◆ **Excerpted records**:
(* (1) Let $f_1:G_1\to H_1$ and $f_2:G_2\to H_2$ be group homomorphisms and let $f_1\times f_2:G_1\times G_2\to H_1\times H_2$ be $(a_1,a_2)\mapsto (f_1(a_1),f_2(a_2))$. If $f_1$ does not admit a global section, then $\mathrm{sec}(f_1)\leq \mathrm{sec}(f_1\times f_2)$; likewise, if $f_2$ does not admit a global section, then $\mathrm{sec}(f_2)\leq \mathrm{sec}(f_1\times f_2)$. (2) Let $f:G\to H$ be a group homomorphism and $K$ a group. Then $\mathrm{sec}(f\times\mathrm{id}_K)\leq \mathrm{sec}(f)$, with equality whenever $f$ does not admit a global section.
   Context: For a homomorphism $f:G\to H$ and a subgroup $L\le H$, a local section of $f$ on $L$ is a homomorphism $s:L\to G$ with $f\circ s=\mathrm{incl}_L$ (the inclusion $L\hookrightarrow H$); a global section is a local section on $L=H$. The sectional number $\mathrm{sec}(f)$ is the least positive integer $m$ such that there exist proper subgroups $H_1,\ldots,H_m$ of $H$ with $H=H_1\cup\cdots\cup H_m$ and such that $f$ admits a local section on each $H_i$; $\mathrm{sec}(f)=\infty$ if no such $m$ exists. *)

theory Defs
  imports "HOL-Algebra.Algebra" "HOL-Library.Extended_Nat"
begin

definition local_section ::
  "('a, 'm) monoid_scheme \<Rightarrow> ('b, 'n) monoid_scheme \<Rightarrow> ('a \<Rightarrow> 'b) \<Rightarrow> 'b set \<Rightarrow> ('b \<Rightarrow> 'a) \<Rightarrow> bool"
  where "local_section G H f L s \<longleftrightarrow>
           s \<in> hom (H\<lparr>carrier := L\<rparr>) G \<and> (\<forall>x\<in>L. f (s x) = x)"

definition global_section ::
  "('a, 'm) monoid_scheme \<Rightarrow> ('b, 'n) monoid_scheme \<Rightarrow> ('a \<Rightarrow> 'b) \<Rightarrow> ('b \<Rightarrow> 'a) \<Rightarrow> bool"
  where "global_section G H f s \<longleftrightarrow> local_section G H f (carrier H) s"

definition sec_cover ::
  "('a, 'm) monoid_scheme \<Rightarrow> ('b, 'n) monoid_scheme \<Rightarrow> ('a \<Rightarrow> 'b) \<Rightarrow> nat \<Rightarrow> bool"
  where "sec_cover G H f m \<longleftrightarrow> m > 0 \<and>
     (\<exists>Hs :: nat \<Rightarrow> 'b set.
        (\<forall>i<m. subgroup (Hs i) H \<and> Hs i \<noteq> carrier H \<and> (\<exists>s. local_section G H f (Hs i) s))
        \<and> (\<Union>i<m. Hs i) = carrier H)"

definition sectional_number ::
  "('a, 'm) monoid_scheme \<Rightarrow> ('b, 'n) monoid_scheme \<Rightarrow> ('a \<Rightarrow> 'b) \<Rightarrow> enat"
  where "sectional_number G H f =
     (if \<exists>m. sec_cover G H f m then enat (LEAST m. sec_cover G H f m) else \<infinity>)"

definition prod_map :: "('a \<Rightarrow> 'b) \<Rightarrow> ('c \<Rightarrow> 'd) \<Rightarrow> ('a \<times> 'c \<Rightarrow> 'b \<times> 'd)"
  where "prod_map f g = (\<lambda>(a, c). (f a, g c))"

end

theory Submission
  imports Defs
begin

text \<open>Both inequalities come from transporting covers. A cover of H by proper subgroups
  carrying local sections of f gives, subgroup by subgroup, a cover of H \<times> K carrying local
  sections of f \<times> g, as soon as g has a global section. Conversely, if H' is a retract of H
  compatibly with f and f', pulling a cover of H back along the embedding gives a cover of H'
  with local sections of f'; the pulled-back subgroups stay proper precisely because f' admits
  no global section. Applied to the factor embeddings of H1 \<times> H2, this yields part (1), and
  both directions together yield part (2), since the identity of K has a global section.\<close>

lemma sectional_number_mono:
  assumes "\<And>m. sec_cover G H f m \<Longrightarrow> sec_cover G' H' f' m"
  shows "sectional_number G' H' f' \<le> sectional_number G H f"
proof (cases "\<exists>m. sec_cover G H f m")
  case True
  define m0 where "m0 = (LEAST m. sec_cover G H f m)"
  have "sec_cover G H f m0"
    unfolding m0_def using True by (meson LeastI)
  then have cover': "sec_cover G' H' f' m0"
    by (rule assms)
  then have "(LEAST m. sec_cover G' H' f' m) \<le> m0"
    by (rule Least_le)
  with True cover' show ?thesis
    unfolding sectional_number_def m0_def by auto
next
  case False
  then show ?thesis
    unfolding sectional_number_def by auto
qed

lemma (in group_hom) subgroup_vimage:
  assumes "subgroup L H"
  shows "subgroup {x \<in> carrier G. h x \<in> L} G"
proof (rule G.subgroupI)
  show "{x \<in> carrier G. h x \<in> L} \<noteq> {}"
    using subgroup.one_closed[OF assms] by auto
next
  fix x assume "x \<in> {x \<in> carrier G. h x \<in> L}"
  then show "inv x \<in> {x \<in> carrier G. h x \<in> L}"
    using subgroup.m_inv_closed[OF assms] by auto
next
  fix x y assume "x \<in> {x \<in> carrier G. h x \<in> L}" "y \<in> {x \<in> carrier G. h x \<in> L}"
  then show "x \<otimes> y \<in> {x \<in> carrier G. h x \<in> L}"
    using subgroup.m_closed[OF assms] by auto
qed auto

lemma local_section_prod:
  assumes "local_section G1 H1 f1 L1 s1" and "local_section G2 H2 f2 L2 s2"
  shows "local_section (G1 \<times>\<times> G2) (H1 \<times>\<times> H2) (prod_map f1 f2) (L1 \<times> L2) (prod_map s1 s2)"
  using assms unfolding local_section_def hom_def by (auto simp: Pi_iff prod_map_def)

lemma sec_cover_prod_global_section:
  assumes H1: "group H1" and H2: "group H2"
    and section2: "global_section G2 H2 f2 s2"
    and cover: "sec_cover G1 H1 f1 m"
  shows "sec_cover (G1 \<times>\<times> G2) (H1 \<times>\<times> H2) (prod_map f1 f2) m"
proof -
  obtain Hs where m: "m > 0" and union: "(\<Union>i<m. Hs i) = carrier H1"
    and Hs: "\<And>i. i < m \<Longrightarrow> subgroup (Hs i) H1 \<and> Hs i \<noteq> carrier H1
      \<and> (\<exists>s. local_section G1 H1 f1 (Hs i) s)"
    using cover unfolding sec_cover_def by blast
  have "subgroup (Hs i \<times> carrier H2) (H1 \<times>\<times> H2)
      \<and> Hs i \<times> carrier H2 \<noteq> carrier (H1 \<times>\<times> H2)
      \<and> (\<exists>s. local_section (G1 \<times>\<times> G2) (H1 \<times>\<times> H2) (prod_map f1 f2) (Hs i \<times> carrier H2) s)"
    if i: "i < m" for i
  proof (intro conjI)
    show "subgroup (Hs i \<times> carrier H2) (H1 \<times>\<times> H2)"
      using Hs[OF i] DirProd_subgroups[OF H1 _ H2 group.subgroup_self[OF H2]] by blast
    have "\<one>\<^bsub>H2\<^esub> \<in> carrier H2"
      using H2 by (simp add: group.is_monoid monoid.one_closed)
    then show "Hs i \<times> carrier H2 \<noteq> carrier (H1 \<times>\<times> H2)"
      using Hs[OF i] by (simp add: Times_eq_cancel2)
    obtain s1 where "local_section G1 H1 f1 (Hs i) s1"
      using Hs[OF i] by blast
    then show "\<exists>s. local_section (G1 \<times>\<times> G2) (H1 \<times>\<times> H2) (prod_map f1 f2) (Hs i \<times> carrier H2) s"
      using local_section_prod section2 unfolding global_section_def by blast
  qed
  moreover have "(\<Union>i<m. Hs i \<times> carrier H2) = carrier (H1 \<times>\<times> H2)"
    using union by auto
  ultimately show ?thesis
    unfolding sec_cover_def using m by (intro conjI exI[of _ "\<lambda>i. Hs i \<times> carrier H2"]) simp_all
qed

lemma local_section_pullback:
  assumes \<phi>: "\<phi> \<in> hom H' H" and \<psi>: "\<psi> \<in> hom G G'"
    and commute: "\<And>g. g \<in> carrier G \<Longrightarrow> f' (\<psi> g) = \<pi> (f g)"
    and retract: "\<And>x. x \<in> carrier H' \<Longrightarrow> \<pi> (\<phi> x) = x"
    and s_local: "local_section G H f L s"
  shows "local_section G' H' f' {x \<in> carrier H'. \<phi> x \<in> L} (\<psi> \<circ> s \<circ> \<phi>)"
proof -
  have s_hom: "s \<in> hom (H\<lparr>carrier := L\<rparr>) G" and s_inv: "\<And>y. y \<in> L \<Longrightarrow> f (s y) = y"
    using s_local unfolding local_section_def by auto
  have s_carrier: "s y \<in> carrier G" if "y \<in> L" for y
    using hom_in_carrier[OF s_hom] that by simp
  show ?thesis
    unfolding local_section_def
  proof (intro conjI ballI homI)
    fix x assume "x \<in> carrier (H'\<lparr>carrier := {x \<in> carrier H'. \<phi> x \<in> L}\<rparr>)"
    then show "(\<psi> \<circ> s \<circ> \<phi>) x \<in> carrier G'"
      using s_carrier hom_in_carrier[OF \<psi>] by simp
  next
    fix x y assume "x \<in> carrier (H'\<lparr>carrier := {x \<in> carrier H'. \<phi> x \<in> L}\<rparr>)"
      and "y \<in> carrier (H'\<lparr>carrier := {x \<in> carrier H'. \<phi> x \<in> L}\<rparr>)"
    then have x: "x \<in> carrier H'" "\<phi> x \<in> L" and y: "y \<in> carrier H'" "\<phi> y \<in> L"
      by auto
    have "s (\<phi> (x \<otimes>\<^bsub>H'\<^esub> y)) = s (\<phi> x) \<otimes>\<^bsub>G\<^esub> s (\<phi> y)"
      using \<phi> s_hom x y unfolding hom_def by auto
    then show "(\<psi> \<circ> s \<circ> \<phi>) (x \<otimes>\<^bsub>H'\<lparr>carrier := {x \<in> carrier H'. \<phi> x \<in> L}\<rparr>\<^esub> y)
        = (\<psi> \<circ> s \<circ> \<phi>) x \<otimes>\<^bsub>G'\<^esub> (\<psi> \<circ> s \<circ> \<phi>) y"
      using \<psi> s_carrier x y unfolding hom_def by simp
  next
    fix x assume "x \<in> {x \<in> carrier H'. \<phi> x \<in> L}"
    then show "f' ((\<psi> \<circ> s \<circ> \<phi>) x) = x"
      using commute s_carrier s_inv retract by simp
  qed
qed

lemma sec_cover_pullback:
  assumes H': "group H'" and H: "group H"
    and \<phi>: "\<phi> \<in> hom H' H" and \<psi>: "\<psi> \<in> hom G G'"
    and commute: "\<And>g. g \<in> carrier G \<Longrightarrow> f' (\<psi> g) = \<pi> (f g)"
    and retract: "\<And>x. x \<in> carrier H' \<Longrightarrow> \<pi> (\<phi> x) = x"
    and no_section: "\<nexists>s'. global_section G' H' f' s'"
    and cover: "sec_cover G H f m"
  shows "sec_cover G' H' f' m"
proof -
  interpret group_hom H' H \<phi>
    using H' H \<phi> by (simp add: group_hom_def group_hom_axioms_def)
  obtain Hs where m: "m > 0" and union: "(\<Union>i<m. Hs i) = carrier H"
    and Hs: "\<And>i. i < m \<Longrightarrow> subgroup (Hs i) H \<and> Hs i \<noteq> carrier H
      \<and> (\<exists>s. local_section G H f (Hs i) s)"
    using cover unfolding sec_cover_def by blast
  define M where "M i = {x \<in> carrier H'. \<phi> x \<in> Hs i}" for i
  have "subgroup (M i) H' \<and> M i \<noteq> carrier H' \<and> (\<exists>s'. local_section G' H' f' (M i) s')"
    if i: "i < m" for i
  proof -
    obtain s where s: "local_section G H f (Hs i) s"
      using Hs[OF i] by blast
    have pulled_back: "local_section G' H' f' (M i) (\<psi> \<circ> s \<circ> \<phi>)"
      unfolding M_def using \<phi> \<psi> commute retract s by (rule local_section_pullback)
    with no_section have "M i \<noteq> carrier H'"
      unfolding global_section_def by auto
    with pulled_back show ?thesis
      unfolding M_def using subgroup_vimage Hs[OF i] by blast
  qed
  moreover have "(\<Union>i<m. M i) = carrier H'"
    using union hom_in_carrier[OF \<phi>] unfolding M_def by blast
  ultimately show ?thesis
    unfolding sec_cover_def using m by blast
qed

lemma sectional_number_le_prod_left:
  assumes H1: "group H1" and H2: "group H2" and no_section: "\<nexists>s. global_section G1 H1 f1 s"
  shows "sectional_number G1 H1 f1 \<le> sectional_number (G1 \<times>\<times> G2) (H1 \<times>\<times> H2) (prod_map f1 f2)"
proof (rule sectional_number_mono)
  fix m assume cover: "sec_cover (G1 \<times>\<times> G2) (H1 \<times>\<times> H2) (prod_map f1 f2) m"
  have embedding: "(\<lambda>x. (x, \<one>\<^bsub>H2\<^esub>)) \<in> hom H1 (H1 \<times>\<times> H2)"
    using H2 by (auto simp: hom_def group.is_monoid)
  have projection: "fst \<in> hom (G1 \<times>\<times> G2) G1"
    by (auto simp: hom_def mult_DirProd')
  show "sec_cover G1 H1 f1 m"
    by (rule sec_cover_pullback[where \<pi> = fst,
          OF H1 DirProd_group[OF H1 H2] embedding projection _ _ no_section cover])
      (auto simp: prod_map_def)
qed

lemma sectional_number_le_prod_right:
  assumes H1: "group H1" and H2: "group H2" and no_section: "\<nexists>s. global_section G2 H2 f2 s"
  shows "sectional_number G2 H2 f2 \<le> sectional_number (G1 \<times>\<times> G2) (H1 \<times>\<times> H2) (prod_map f1 f2)"
proof (rule sectional_number_mono)
  fix m assume cover: "sec_cover (G1 \<times>\<times> G2) (H1 \<times>\<times> H2) (prod_map f1 f2) m"
  have embedding: "(\<lambda>x. (\<one>\<^bsub>H1\<^esub>, x)) \<in> hom H2 (H1 \<times>\<times> H2)"
    using H1 by (auto simp: hom_def group.is_monoid)
  have projection: "snd \<in> hom (G1 \<times>\<times> G2) G2"
    by (auto simp: hom_def mult_DirProd')
  show "sec_cover G2 H2 f2 m"
    by (rule sec_cover_pullback[where \<pi> = snd,
          OF H2 DirProd_group[OF H1 H2] embedding projection _ _ no_section cover])
      (auto simp: prod_map_def)
qed

lemma sectional_number_prod_le:
  assumes "group H1" and "group H2" and "global_section G2 H2 f2 s2"
  shows "sectional_number (G1 \<times>\<times> G2) (H1 \<times>\<times> H2) (prod_map f1 f2) \<le> sectional_number G1 H1 f1"
  using assms by (intro sectional_number_mono sec_cover_prod_global_section)

lemma global_section_id: "global_section K K (\<lambda>x. x) (\<lambda>x. x)"
  by (simp add: global_section_def local_section_def hom_def)

theorem theorem3p4:
  fixes G1 :: "('a, 'm1) monoid_scheme" and H1 :: "('b, 'n1) monoid_scheme"
    and G2 :: "('c, 'm2) monoid_scheme" and H2 :: "('d, 'n2) monoid_scheme"
    and f1 :: "'a \<Rightarrow> 'b" and f2 :: "'c \<Rightarrow> 'd"
    and G :: "('e, 'm3) monoid_scheme" and H :: "('g, 'n3) monoid_scheme"
    and K :: "('k, 'm4) monoid_scheme" and f :: "'e \<Rightarrow> 'g"
  shows
   "(group G1 \<and> group H1 \<and> group G2 \<and> group H2 \<and> f1 \<in> hom G1 H1 \<and> f2 \<in> hom G2 H2 \<longrightarrow>
      ((\<not> (\<exists>s. global_section G1 H1 f1 s)) \<longrightarrow>
          sectional_number G1 H1 f1 \<le> sectional_number (G1 \<times>\<times> G2) (H1 \<times>\<times> H2) (prod_map f1 f2))
    \<and> ((\<not> (\<exists>s. global_section G2 H2 f2 s)) \<longrightarrow>
          sectional_number G2 H2 f2 \<le> sectional_number (G1 \<times>\<times> G2) (H1 \<times>\<times> H2) (prod_map f1 f2)))
    \<and>
    (group G \<and> group H \<and> group K \<and> f \<in> hom G H \<longrightarrow>
      sectional_number (G \<times>\<times> K) (H \<times>\<times> K) (prod_map f (\<lambda>x. x)) \<le> sectional_number G H f
    \<and> ((\<not> (\<exists>s. global_section G H f s)) \<longrightarrow>
          sectional_number (G \<times>\<times> K) (H \<times>\<times> K) (prod_map f (\<lambda>x. x)) = sectional_number G H f))"
proof (intro conjI impI)
  assume "group G1 \<and> group H1 \<and> group G2 \<and> group H2 \<and> f1 \<in> hom G1 H1 \<and> f2 \<in> hom G2 H2"
  then have H1: "group H1" and H2: "group H2" by simp_all
  show "sectional_number G1 H1 f1 \<le> sectional_number (G1 \<times>\<times> G2) (H1 \<times>\<times> H2) (prod_map f1 f2)"
    if "\<nexists>s. global_section G1 H1 f1 s"
    using H1 H2 that by (rule sectional_number_le_prod_left)
  show "sectional_number G2 H2 f2 \<le> sectional_number (G1 \<times>\<times> G2) (H1 \<times>\<times> H2) (prod_map f1 f2)"
    if "\<nexists>s. global_section G2 H2 f2 s"
    using H1 H2 that by (rule sectional_number_le_prod_right)
next
  assume "group G \<and> group H \<and> group K \<and> f \<in> hom G H"
  then have H: "group H" and K: "group K" by simp_all
  show le: "sectional_number (G \<times>\<times> K) (H \<times>\<times> K) (prod_map f (\<lambda>x. x)) \<le> sectional_number G H f"
    using sectional_number_prod_le[OF H K global_section_id] .
  assume "\<nexists>s. global_section G H f s"
  with H K have "sectional_number G H f \<le> sectional_number (G \<times>\<times> K) (H \<times>\<times> K) (prod_map f (\<lambda>x. x))"
    by (rule sectional_number_le_prod_left)
  with le show "sectional_number (G \<times>\<times> K) (H \<times>\<times> K) (prod_map f (\<lambda>x. x)) = sectional_number G H f"
    by (rule antisym)
qed

end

◆ **Goal of the exercise**: Up to and including the line with "L s \<longleftrightarrow>", print every line of the material above, starting from its first line, exactly.

◆ **Answer for this exercise**:
(* (1) Let $f_1:G_1\to H_1$ and $f_2:G_2\to H_2$ be group homomorphisms and let $f_1\times f_2:G_1\times G_2\to H_1\times H_2$ be $(a_1,a_2)\mapsto (f_1(a_1),f_2(a_2))$. If $f_1$ does not admit a global section, then $\mathrm{sec}(f_1)\leq \mathrm{sec}(f_1\times f_2)$; likewise, if $f_2$ does not admit a global section, then $\mathrm{sec}(f_2)\leq \mathrm{sec}(f_1\times f_2)$. (2) Let $f:G\to H$ be a group homomorphism and $K$ a group. Then $\mathrm{sec}(f\times\mathrm{id}_K)\leq \mathrm{sec}(f)$, with equality whenever $f$ does not admit a global section.
   Context: For a homomorphism $f:G\to H$ and a subgroup $L\le H$, a local section of $f$ on $L$ is a homomorphism $s:L\to G$ with $f\circ s=\mathrm{incl}_L$ (the inclusion $L\hookrightarrow H$); a global section is a local section on $L=H$. The sectional number $\mathrm{sec}(f)$ is the least positive integer $m$ such that there exist proper subgroups $H_1,\ldots,H_m$ of $H$ with $H=H_1\cup\cdots\cup H_m$ and such that $f$ admits a local section on each $H_i$; $\mathrm{sec}(f)=\infty$ if no such $m$ exists. *)

theory Defs
  imports "HOL-Algebra.Algebra" "HOL-Library.Extended_Nat"
begin

definition local_section ::
  "('a, 'm) monoid_scheme \<Rightarrow> ('b, 'n) monoid_scheme \<Rightarrow> ('a \<Rightarrow> 'b) \<Rightarrow> 'b set \<Rightarrow> ('b \<Rightarrow> 'a) \<Rightarrow> bool"
  where "local_section G H f L s \<longleftrightarrow>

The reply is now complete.